Да уж. Середина августа, а утром плюс семь. Стокгольм — город хладный. И опять туман, в перспективе дождь.

Никто ночью ни Фролова нам не вернул, ни Миколчука. Ну и что? На сон это никак не повлияло. Как другие, не знаю, а я лёг сразу после часу. В час — в три по Чернозёмскому, — получил порцию тягостных видений, а потом и уснул.

А сегодня мы взяли первый из двух разрешенных тайм-аутов. Я-де болен. Бюллютеню. Нету сил. Обдумать ситуацию.

Подумаешь, Фролов. Ну, остался и остался, невелик убыток. У нас на курсе я троих Фроловых знаю, предложи каждому загранкомандировку, в которой всего и нужно только нацепить зеркальные очки, и смотреть на игроков — каждый согласится. В капстрану-то!

С Миколчуком сложнее, но и тут особого беспокойства нет. Так что ноги на ширине плеч, руки за голову и — вправо-влево, вправо-влево.

Нет, зарядку провожу не я. Антон. Но по моему распоряжению. Сам я не отлыниваю, а вместе со всеми: влево-вправо, влево-вправо.

Наклоны, ладонями достать до земли. Снова, снова и снова, развивая гибкость позвоночника. В жизни пригодится.

Наконец, занятия окончились. Переходим к водным процедурам, затем завтрак.

И только мы вошли в холл отеля, как ко мне подошел неприметный соотечественник.

— Я из посольства. Вам нужно срочно приехать.

— Хорошо, приеду, — и двинулся к своему номеру.

— Я сказал — срочно, — повысил голос посольский.

— Вы в самом деле думаете, что я поеду в посольство в этом? — я показал на свой костюм. Хороший костюм, тренировочный, динамовский, но для посещения посольства не самый подходящий.

— Только быстро, — сказал соотечественник.

Я отвечать не стал. Прошел к себе, принял душ, побрился, причесался, надел соответствующий костюм, светло-серый, итальянский, повязал одноцветную бабочку посмотрелся в зеркало. Шляпа у меня одна, тёмно-серая, но еще есть два берета.

Я выбрал шляпу.

Удовлетворительно.

— Ну, что вы так долго?

— Сначала завтрак.

— Какой завтрак?

— Шведский, вестимо.

— Вы что себе позволяете? — и даже попытался взять меня за рукав.

— Послушайте, а вы, собственно, кто? Почему не представились?
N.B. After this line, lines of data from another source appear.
(* Let $V$ be a real inner product space with induced norm $\lVert\cdot\rVert$. Let $a,b,a',b'\in V$ and $\gamma\ge0$ satisfy \[ \max\{\lVert x-y\rVert : x,y\in\{a,b,a',b'\}\}\le\gamma\le 2\lVert a-b\rVert+2\lVert a'-b'\rVert . \] Then, with $m=(a+b)/2$ and $m'=(a'+b')/2$, we have $\lVert m-m'\rVert\le\sqrt{\tfrac{31}{32}}\,\gamma$. *)

theory Defs
  imports "HOL-Analysis.Analysis"
begin

end

theory Submission
  imports Defs
begin

text \<open>Both pairings of the four points write \<open>2 (m - m')\<close> as a sum of two vectors of norm at
  most \<open>\<gamma>\<close>: \<open>(a - a') + (b - b')\<close> and \<open>(a - b') + (b - a')\<close>, whose differences are
  \<open>u - v\<close> and \<open>u + v\<close> for \<open>u = a - b\<close>, \<open>v = a' - b'\<close>. Three applications of the
  parallelogram law give \<open>8 \<parallel>m - m'\<parallel>\<^sup>2 + 2 \<parallel>u\<parallel>\<^sup>2 + 2 \<parallel>v\<parallel>\<^sup>2 \<le> 8 \<gamma>\<^sup>2\<close>, and the lower bound on \<open>\<gamma>\<close>
  gives \<open>\<gamma>\<^sup>2 \<le> 8 \<parallel>u\<parallel>\<^sup>2 + 8 \<parallel>v\<parallel>\<^sup>2\<close>.\<close>

lemma parallelogram_law:
  fixes x y :: "'a :: real_inner"
  shows "norm (x + y)^2 + norm (x - y)^2 = 2 * norm x^2 + 2 * norm y^2"
  by (simp add: power2_norm_eq_inner inner_add inner_diff inner_commute algebra_simps)

lemma norm_add_sq_plus_norm_diff_sq_le:
  fixes x y :: "'a :: real_inner"
  assumes "norm x \<le> g" "norm y \<le> g"
  shows "norm (x + y)^2 + norm (x - y)^2 \<le> 4 * g^2"
proof -
  have "norm x^2 \<le> g^2" "norm y^2 \<le> g^2"
    using assms by (auto intro!: power_mono)
  then show ?thesis
    unfolding parallelogram_law by linarith
qed

lemma sum_sq_le_twice_sum_of_sq:
  fixes s t :: real
  shows "(s + t)^2 \<le> 2 * s^2 + 2 * t^2"
  using sum_squares_ge_zero[of "s - t" 0] by (simp add: power2_eq_square algebra_simps)

lemma norm_midpoint_diff_sq_bound:
  fixes a b a' b' :: "'a :: real_inner" and \<gamma> :: real
  assumes "norm (a - a') \<le> \<gamma>" "norm (b - b') \<le> \<gamma>" "norm (a - b') \<le> \<gamma>" "norm (b - a') \<le> \<gamma>"
  shows "8 * norm ((a + b) /\<^sub>R 2 - (a' + b') /\<^sub>R 2)^2 + 2 * norm (a - b)^2 + 2 * norm (a' - b')^2
           \<le> 8 * \<gamma>^2"
proof -
  define d where "d = (a + b) /\<^sub>R 2 - (a' + b') /\<^sub>R 2"
  define u where "u = a - b"
  define v where "v = a' - b'"
  have "norm ((a - a') + (b - b'))^2 + norm ((a - a') - (b - b'))^2 \<le> 4 * \<gamma>^2"
    using assms by (intro norm_add_sq_plus_norm_diff_sq_le)
  moreover have "(a - a') + (b - b') = 2 *\<^sub>R d" "(a - a') - (b - b') = u - v"
    unfolding d_def u_def v_def by (simp_all add: algebra_simps)
  moreover have "norm ((a - b') + (b - a'))^2 + norm ((a - b') - (b - a'))^2 \<le> 4 * \<gamma>^2"
    using assms by (intro norm_add_sq_plus_norm_diff_sq_le)
  moreover have "(a - b') + (b - a') = 2 *\<^sub>R d" "(a - b') - (b - a') = u + v"
    unfolding d_def u_def v_def by (simp_all add: algebra_simps)
  ultimately have "8 * norm d^2 + (norm (u + v)^2 + norm (u - v)^2) \<le> 8 * \<gamma>^2"
    by (simp add: power_mult_distrib)
  then show ?thesis
    unfolding parallelogram_law d_def u_def v_def by simp
qed

theorem lemma3:
  fixes a b a' b' :: "'a :: real_inner" and \<gamma> :: real
  assumes "\<gamma> \<ge> 0"
    and "\<forall>x\<in>{a, b, a', b'}. \<forall>y\<in>{a, b, a', b'}. norm (x - y) \<le> \<gamma>"
    and "\<gamma> \<le> 2 * norm (a - b) + 2 * norm (a' - b')"
  shows "norm ((a + b) /\<^sub>R 2 - (a' + b') /\<^sub>R 2) \<le> sqrt (31 / 32) * \<gamma>"
proof -
  define N where "N = norm ((a + b) /\<^sub>R 2 - (a' + b') /\<^sub>R 2)"
  have "8 * N^2 + 2 * norm (a - b)^2 + 2 * norm (a' - b')^2 \<le> 8 * \<gamma>^2"
    unfolding N_def using assms(2) by (intro norm_midpoint_diff_sq_bound) auto
  moreover have "\<gamma>^2 \<le> 8 * norm (a - b)^2 + 8 * norm (a' - b')^2"
  proof -
    have "\<gamma>^2 \<le> (2 * norm (a - b) + 2 * norm (a' - b'))^2"
      using assms(1,3) by (intro power_mono)
    also have "\<dots> \<le> 8 * norm (a - b)^2 + 8 * norm (a' - b')^2"
      using sum_sq_le_twice_sum_of_sq[of "2 * norm (a - b)" "2 * norm (a' - b')"]
      by (simp add: power_mult_distrib)
    finally show ?thesis .
  qed
  ultimately have "N^2 \<le> 31 / 32 * \<gamma>^2"
    by linarith
  then have "N \<le> sqrt (31 / 32 * \<gamma>^2)"
    by (rule real_le_rsqrt)
  also have "\<dots> = sqrt (31 / 32) * \<gamma>"
    using assms(1) by (simp only: real_sqrt_mult real_sqrt_abs abs_of_nonneg)
  finally show ?thesis
    unfolding N_def .
qed

end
Может, вы совсем не из посольства? Может, вы провокатор? Готовите похищение? Я звоню в полицию, — и я прошел к стойке портье.

— Я Андрей Белов, атташе посольства по культуре и спорту — сказал в спину посольский.

— Я в посольстве был и вас в посольстве не видел, — сказал я, поднимая телефонную трубку.

— Я был в отъезде, в Мальмё.

Я соединился, но не с полицией, а с посольством.

Время рабочее, на звонок ответили.

— Я — гроссмейстер Михаил Чижик. Тут ко мне пришел странный тип, без документов, и хочет увезти меня в неизвестном направлении. Думаю, это вражеская провокация, и хочу вызвать полицию.

Меня попросили подождать, переключили сначала на одного, потом на другого, и, наконец, на самого посла.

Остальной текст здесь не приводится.